Stored data:
=== Section Start ===
(* For any fixed $\epsilon>0$, the $\epsilon$-\textsc{MFS} problem can be solved in $n^{O(\log n)}$ steps, where $n$ is the input size.
   Context: Let $\Delta_{m}$ denote the set of probability vectors in $\mathbb{R}^{m}$. $\epsilon$-\textsc{MFS} (maximum $\epsilon$-feasible subsystem of linear inequalities): given a matrix $A\in[-1,1]^{n_{\text{row}}\times n_{\text{col}}}$, let $\mathbf{x}^\ast\in\Delta_{n_{\text{col}}}$ be a probability vector maximizing $k^\ast=\sum_{i\in[n_{\text{row}}]}I[w^\ast_i\ge0]$ where $\mathbf{w}^\ast=A\mathbf{x}^\ast$ ($I$ is the indicator function). The task is to find a probability vector $\mathbf{x}\in\Delta_{n_{\text{col}}}$ such that, with $\mathbf{w}=A\mathbf{x}$, $\sum_{i\in[n_{\text{row}}]}I[w_i\ge-\epsilon]\ge k^\ast$. *)

theory Defs
  imports Complex_Main
begin

text \<open>A matrix with n_row rows and n_col columns is a function A :: nat => nat => real,
  of which only the entries A i j with i < n_row, j < n_col are relevant.
  Vectors of R^m are functions nat => real restricted to indices < m.\<close>

definition prob_simplex :: "nat \<Rightarrow> (nat \<Rightarrow> real) set" where
  "prob_simplex m = {x. (\<forall>j<m. 0 \<le> x j) \<and> (\<Sum>j<m. x j) = 1}"

definition mat_vec :: "(nat \<Rightarrow> nat \<Rightarrow> real) \<Rightarrow> nat \<Rightarrow> (nat \<Rightarrow> real) \<Rightarrow> nat \<Rightarrow> real" where
  "mat_vec A ncol x i = (\<Sum>j<ncol. A i j * x j)"

definition num_feasible :: "(nat \<Rightarrow> nat \<Rightarrow> real) \<Rightarrow> nat \<Rightarrow> nat \<Rightarrow> real \<Rightarrow> (nat \<Rightarrow> real) \<Rightarrow> nat" where
  "num_feasible A nrow ncol t x = card {i. i < nrow \<and> mat_vec A ncol x i \<ge> - t}"
lemma inner_nonneg_if_vangle_le_pi_half:
  assumes "vangle u w \<le> pi / 2"
  shows "u \<bullet> w \<ge> 0"
proof (rule ccontr)
  assume "\<not> u \<bullet> w \<ge> 0"
  then have "u \<noteq> 0" "w \<noteq> 0" by auto
  then have norms: "norm u * norm w > 0" by simp
  define t where "t = (u \<bullet> w) / (norm u * norm w)"
  have "t < 0" unfolding t_def using \<open>\<not> u \<bullet> w \<ge> 0\<close> norms by (simp add: divide_neg_pos)
  moreover have "-1 \<le> t"
    using Cauchy_Schwarz_ineq2[of u w] norms by (simp add: t_def field_simps abs_le_iff)
  ultimately have "arccos 0 < arccos t" by (intro arccos_less_arccos) auto
  then show False using assms by (simp add: vangle_def t_def)
qed

locale plane_triangle = full_simplex K for K :: "point set" +
  assumes three_vertices: "card K = 3"
begin

lemma area_pos: "area K > 0"
  unfolding area_def
  by (intro measure_pos_if_interior_nonempty compact_convex_hull finite_imp_compact
      finite_vertices interior_convex_hull_nonempty)

lemma grad_on_affine:
  assumes "\<forall>x\<in>convex hull K. v x = b \<bullet> x + c"
  shows "grad_on K v = b"
  unfolding grad_on_def
proof (rule the_equality)
  show "\<exists>c. \<forall>x\<in>convex hull K. v x = b \<bullet> x + c" using assms by blast
next
  fix b' assume "\<exists>c. \<forall>x\<in>convex hull K. v x = b' \<bullet> x + c"
  then obtain c' where "\<forall>x\<in>convex hull K. v x = b' \<bullet> x + c'" by blast
  with assms show "b' = b"
    by (intro affine_functional_eq_on_interior[OF interior_convex_hull_nonempty, of b' c' b c]) auto
qed

lemma nonobtuse_barycentric_grad_inner_nonpos:
  assumes nonobtuse: "\<forall>p\<in>K. \<forall>q\<in>K. \<forall>r\<in>K. p \<noteq> q \<and> p \<noteq> r \<and> q \<noteq> r \<longrightarrow> vangle (q - p) (r - p) \<le> pi / 2"
    and "p \<in> K" "q \<in> K" "p \<noteq> q"
  shows "barycentric_grad p \<bullet> barycentric_grad q \<le> 0"
proof -
  have "card (K - {p, q}) = 1"
    using assms(2-4) three_vertices by (simp add: card_Diff_subset finite_vertices)
  then obtain r where "r \<in> K" "r \<noteq> p" "r \<noteq> q"
    by (metis Diff_iff card_1_singletonE insertCI)
  have grad: "barycentric_grad s \<bullet> (x - y) = barycentric s x - barycentric s y" if "s \<in> K" for s x y
    using barycentric_affine[OF that, of x] barycentric_affine[OF that, of y] by (simp add: inner_diff_right)
  show ?thesis
  proof (rule dual_basis_inner_nonpos)
    show "barycentric_grad p \<bullet> (p - r) = 1" "barycentric_grad p \<bullet> (q - r) = 0"
      "barycentric_grad q \<bullet> (p - r) = 0" "barycentric_grad q \<bullet> (q - r) = 1"
      using assms(2-4) \<open>r \<in> K\<close> \<open>r \<noteq> p\<close> \<open>r \<noteq> q\<close> by (simp_all add: grad barycentric_vertex)
    show "(p - r) \<bullet> (q - r) \<ge> 0"
      using nonobtuse assms(2-4) \<open>r \<in> K\<close> \<open>r \<noteq> p\<close> \<open>r \<noteq> q\<close>
      by (intro inner_nonneg_if_vangle_le_pi_half) auto
  qed
qed
(* For every integer $n>2$, the number of pairs $(s,t)\in S_n\times S_n$ such that $[s,t]=sts^{-1}t^{-1}$ is a $3$-cycle and $s$ is a cycle (of some length $k\in\{2,\dots,n\}$, i.e. a single cycle together with fixed points) equals $$\#\mathcal{B}_2(n)=\frac{1}{24}(n-1)(n-2)(n^2+5n+12)\,n!.$$
   Context: Permutations compose as functions. *)

theory Defs
  imports "HOL-Combinatorics.Cycles" Complex_Main
begin

definition is_k_cycle :: "nat \<Rightarrow> ('a \<Rightarrow> 'a) \<Rightarrow> bool" where
  "is_k_cycle k p \<longleftrightarrow> (\<exists>cs. distinct cs \<and> length cs = k \<and> p = cycle_of_list cs)"

end

theory Submission
  imports Defs
begin

text \<open>
  Fix a permutation s of a finite set S and write u = t s t^-1.  Then the commutator equals
  s u^-1 = c^-1 with c = u s^-1, so the partners t of s correspond to the 3-cycles c for which
  c s is again conjugate to s, each such c being hit by as many t as the centraliser of s has
  elements.  The number of partners is constant on the conjugacy class of s, and the
  orbit-stabiliser identity |class| * |centraliser| = |S|! turns the sum over the class into
  |S|! times the number of such 3-cycles c (lemma sum_comm_partners_over_class).

  For the standard k-cycle (1 2 ... k) inside {1..n} a case analysis on how the support of the
  3-cycle c meets {1..k} shows that c (1 2 ... k) is a k-cycle exactly for the cycles (p q r)
  with p < q < r <= k and the cycles (b' b d) with b <= k < d and b' the image of b, which
  gives C(k,3) + k (n - k) of them (lemma card_good_3cycles).
\<close>

abbreviation cyc :: "'a list \<Rightarrow> 'a \<Rightarrow> 'a" where "cyc \<equiv> cycle_of_list"

abbreviation tr :: "'a \<Rightarrow> 'a \<Rightarrow> 'a \<Rightarrow> 'a" where "tr \<equiv> Transposition.transpose"

lemma cyc_split: "cyc (x # xs @ y # ys) = cyc (x # xs @ [y]) \<circ> cyc (y # ys)"
proof (induction xs arbitrary: x)
  case Nil show ?case by simp
next
  case (Cons z zs) then show ?case by (simp add: o_assoc)
qed

lemma cyc_snoc:
  assumes "distinct (x # xs @ [y])"
  shows "cyc (x # xs @ [y]) = tr x y \<circ> cyc (x # xs)"
proof -
  have "cyc (x # xs @ [y]) = cyc (rotate (length (x # xs)) ((x # xs) @ [y]))"
    using cycle_of_list_rotate_independent[OF assms, of "length (x # xs)"] by simp
  also have "rotate (length (x # xs)) ((x # xs) @ [y]) = [y] @ (x # xs)" by (rule rotate_append)
  hence "cyc (rotate (length (x # xs)) ((x # xs) @ [y])) = cyc (y # x # xs)" by simp
  finally show ?thesis by (simp add: transpose_commute)
qed

lemma cyc_merge:
  assumes "distinct (x # A @ y # B)"
  shows "cyc (x # A @ y # B) = tr x y \<circ> cyc (x # A) \<circ> cyc (y # B)"
proof -
  have "distinct (x # A @ [y])" using assms by auto
  then show ?thesis using cyc_split[of x A y B] cyc_snoc[of x A y] by simp
qed
lemma gain_pos: "snr * (2 * pi / lam)\<^sup>2 * real CARD('n) > 0"
  using snr_pos lam by (simp add: card_gt_0_iff)

lemma coef_eq:
  defines "g \<equiv> snr * (2 * pi / lam)\<^sup>2 * real CARD('n)" and "D \<equiv> var x * var y - (cov x y)\<^sup>2"
  shows "coef U U = var y / (g * D)" "coef V V = var x / (g * D)"
    and "coef U V = - cov x y / (g * D)" "coef V U = - cov x y / (g * D)"
  by (simp_all add: coef_def g_def D_def)

lemma cov_coord_opt_comb:
  "cov (coord x y d') (opt_comb d) = (if d = d' then 1 else 0) / (snr * (2 * pi / lam)\<^sup>2 * real CARD('n))"
proof -
  define g where "g = snr * (2 * pi / lam)\<^sup>2 * real CARD('n)"
  define D where "D = var x * var y - (cov x y)\<^sup>2"
  have "g > 0" "D > 0"
    using gain_pos varcov by (simp_all add: g_def D_def)
  have "cov (coord x y d') (opt_comb d)
      = coef d U * cov (coord x y d') x + coef d V * cov (coord x y d') y"
    unfolding opt_comb_def cov_lin_right ..
  also have "\<dots> = (if d = d' then 1 else 0) / g"
    using \<open>g > 0\<close> \<open>D > 0\<close>
    by (cases d; cases d')
      (simp_all add: coef_eq[folded g_def D_def] coord_def cov_self cov_commute[of y x] field_simps,
        simp_all add: D_def power2_eq_square algebra_simps)
  finally show ?thesis
    by (simp add: g_def)
qed
(* Let $\theta\in\mathrm{Irr}(N)$, let $N\le L\le\mathrm{Stab}_G(\tilde\theta)$ and $N\le K\le\mathrm{Stab}_G(\theta)$ with $L$ normalising $K$, and let $\hat\theta$ be a strong extension of $\theta$ to $K$. Let $g\in L$ and suppose $\psi_g,\psi'_g\in\mathrm{Lin}(G)$ both satisfy ${}^g\theta=\theta\psi_g|_N=\theta\psi'_g|_N$, and that $\mu,\mu'\in F_K$ satisfy ${}^g\hat\theta=\hat\theta\,\psi_g|_K\,\mu=\hat\theta\,\psi'_g|_K\,\mu'$. Then $\mu\Gamma_{K,\tilde\theta}=\mu'\Gamma_{K,\tilde\theta}$; that is, the coset $\mu(gN)\Gamma_{K,\tilde\theta}$ is independent of the choice of $\psi_g|_K$.
   Context: $G$ is a profinite group, $N$ an open normal subgroup; $\mathrm{Irr}$, $\mathrm{Lin}$ denote continuous irreducible, resp. degree-one, complex characters; $\tilde\theta=\{\theta\psi|_N:\psi\in\mathrm{Lin}(G)\}$ is the $G$-twist class of $\theta$, with $G$ acting by conjugation ${}^g\theta(n)=\theta(g^{-1}ng)$. A projective representation of $K$ is $\Pi:K\to\mathrm{GL}_m(\mathbb{C})$ with $\Pi(x)\Pi(y)=\alpha(x,y)\Pi(xy)$ ($\alpha$ the factor set); its projective character is $\mathrm{Tr}\circ\Pi$. A strong extension of $\theta$ to $K$ (with $K$ fixing $\theta$) is the projective character of a projective representation $\Pi$ of $K$ with $\Pi(xn)=\Pi(x)\Theta(n)$, $\Pi(nx)=\Theta(n)\Pi(x)$ ($x\in K,n\in N$) for a representation $\Theta$ affording $\theta$. $F_K$ is the group of functions $K/N\to\mathbb{C}^\times$ (viewed as functions on $K$ constant on $N$-cosets) under pointwise multiplication; ${}^gf(x)=f(g^{-1}xg)$. $\mathrm{Lin}(K/N)$ is the set of degree-one characters of $K$ trivial on $N$, and $\Gamma_{K,\tilde\theta}=\{\nu\in\mathrm{Lin}(K/N):\hat\theta\,\varepsilon|_K=\hat\theta\,\nu\text{ for some }\varepsilon\in\mathrm{Lin}(G)\}$ (independent of the choice of $\theta\in\tilde\theta$ and of $\hat\theta$). *)

theory Defs
  imports "HOL-Analysis.Analysis" "HOL-Algebra.Group" "HOL-Algebra.Coset"
begin

definition profinite_group :: "('g, 'b) monoid_scheme \<Rightarrow> 'g topology \<Rightarrow> bool" where
  "profinite_group G T \<longleftrightarrow>
     group G \<and> topspace T = carrier G \<and>
     continuous_map (prod_topology T T) T (\<lambda>(x, y). x \<otimes>\<^bsub>G\<^esub> y) \<and>
     continuous_map T T (\<lambda>x. inv\<^bsub>G\<^esub> x) \<and>
     compact_space T \<and> Hausdorff_space T \<and>
     (\<forall>x \<in> topspace T. connected_component_of_set T x = {x})"

definition cont_rep :: "('g, 'b) monoid_scheme \<Rightarrow> 'g topology \<Rightarrow> 'g set
                         \<Rightarrow> ('g \<Rightarrow> complex^'m^'m) \<Rightarrow> bool" where
  "cont_rep G T H \<Theta> \<longleftrightarrow>
     (\<forall>x \<in> H. invertible (\<Theta> x)) \<and>
     (\<forall>x \<in> H. \<forall>y \<in> H. \<Theta> (x \<otimes>\<^bsub>G\<^esub> y) = \<Theta> x ** \<Theta> y) \<and>
     continuous_map (subtopology T H) euclidean \<Theta>"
=== Section End ===
# [What to produce]
Write out exactly the lines above from the line with "define D where" through the line with "choice of $\psi_g|_K$.", both of them included, and leave out all other lines.

# [Finished task]
  define D where "D = var x * var y - (cov x y)\<^sup>2"
  have "g > 0" "D > 0"
    using gain_pos varcov by (simp_all add: g_def D_def)
  have "cov (coord x y d') (opt_comb d)
      = coef d U * cov (coord x y d') x + coef d V * cov (coord x y d') y"
    unfolding opt_comb_def cov_lin_right ..
  also have "\<dots> = (if d = d' then 1 else 0) / g"
    using \<open>g > 0\<close> \<open>D > 0\<close>
    by (cases d; cases d')
      (simp_all add: coef_eq[folded g_def D_def] coord_def cov_self cov_commute[of y x] field_simps,
        simp_all add: D_def power2_eq_square algebra_simps)
  finally show ?thesis
    by (simp add: g_def)
qed
(* Let $\theta\in\mathrm{Irr}(N)$, let $N\le L\le\mathrm{Stab}_G(\tilde\theta)$ and $N\le K\le\mathrm{Stab}_G(\theta)$ with $L$ normalising $K$, and let $\hat\theta$ be a strong extension of $\theta$ to $K$. Let $g\in L$ and suppose $\psi_g,\psi'_g\in\mathrm{Lin}(G)$ both satisfy ${}^g\theta=\theta\psi_g|_N=\theta\psi'_g|_N$, and that $\mu,\mu'\in F_K$ satisfy ${}^g\hat\theta=\hat\theta\,\psi_g|_K\,\mu=\hat\theta\,\psi'_g|_K\,\mu'$. Then $\mu\Gamma_{K,\tilde\theta}=\mu'\Gamma_{K,\tilde\theta}$; that is, the coset $\mu(gN)\Gamma_{K,\tilde\theta}$ is independent of the choice of $\psi_g|_K$.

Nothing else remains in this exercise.